Indian scientists use 3D printing to create a versatile heat sink.

Indian scientists have created a multipurpose heat sink that uses 3D printing to drain heat from mechanical devices at a 50% faster pace than traditional sinks.

Existing heat exchange and heat sink techniques use distinct units to fulfil different purposes. Multiple functions have been combined in a single unit in the new technology. Heat pipes, vapour chambers, heat exchangers, and noise-reducing heat sinks can all be made using it.
Dr Shankar Krishnan, Associate Professor Department of Mechanical Engineering, IIT Bombay, developed the technology enabled by 3D printing in combination with electroplating to withstand load while dissipating heat with support from the Department of Science and Technology, Government of India under the 'Make in India' initiative. He has also filed a national patent on 'noise-reducing heat sinks,' which will be followed by the international patent. Validation has been done both experimentally and computationally.

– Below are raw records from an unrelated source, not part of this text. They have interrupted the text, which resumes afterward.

(* Let $G$ be a finite abelian group and $T \subsetneq G$ a non-empty subset. Then there is a set $A \subset G$ with $T \subsetneq A$ having the following property: given any $d_0 \ge 1$, there exist some $d \ge d_0$ and a family $\mathcal{F}$ consisting of at least $d_0$ pairwise disjoint subsets of $A^d$ such that the set $G \times \left(A^d \setminus \bigcup_{S\in\mathcal{S}} S\right) \subset G^{d+1}$ is $T$-tilable whenever $\mathcal{S} \subset \mathcal{F}$ satisfies $|\mathcal{S}| \equiv 1 \pmod{|T|}$.
   Context: For an abelian group $G$, a non-empty subset $T\subset G$ and $e\ge1$, let $\mathsf{T}_j \subset G^e$ ($1\le j\le e$) be the set of points whose $j$-th coordinate lies in $T$ and whose other coordinates are $0$. A copy of $T$ in $G^e$ is any translate $\mathsf{T}_j + x$ with $x \in G^e$ and $1 \le j \le e$. A subset of $G^e$ is $T$-tilable if it is a disjoint union of copies of $T$. *)

theory Defs
  imports Main
begin

text \<open>Points of \<open>G^e\<close> are lists of length \<open>e\<close>; coordinates are indexed \<open>0..<e\<close>.\<close>

definition power_set :: "'g set \<Rightarrow> nat \<Rightarrow> 'g list set" where
  "power_set A e = {xs. length xs = e \<and> set xs \<subseteq> A}"

definition copy_of :: "'g::ab_group_add set \<Rightarrow> nat \<Rightarrow> 'g list \<Rightarrow> 'g list set" where
  "copy_of T j x = {x[j := x ! j + t] | t. t \<in> T}"

definition copies :: "'g::ab_group_add set \<Rightarrow> nat \<Rightarrow> 'g list set set" where
  "copies T e = {copy_of T j x | j x. j < e \<and> length x = e}"

definition tilable :: "'g::ab_group_add set \<Rightarrow> nat \<Rightarrow> 'g list set \<Rightarrow> bool" where
  "tilable T e X \<longleftrightarrow> (\<exists>C. C \<subseteq> copies T e \<and> pairwise disjnt C \<and> \<Union>C = X)"

end

theory Submission
  imports Defs
begin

The technology is light and can withstand mechanical stress, dissipate heat, and absorb sound. It can be utilised in the electronics, electronics, and power/cooling industries.
According to the open-literature study, there is currently no such product on the market. Electronics thermal management is a ten-billion-dollar business that could benefit from this technology. This advancement is also beneficial to any fan-mounted heat exchanger. Although cost is a risk, it can be mitigated by working with high-volume producers.
Prof. Krishnan is in talks with a major semiconductor manufacturer or high-volume manufacturing to enable compact noise (both broadband and tonal) reducing heat sinks, and the technology is in the third phase of Technology readiness levels (verification with experimental to verify that the concept operates as planned).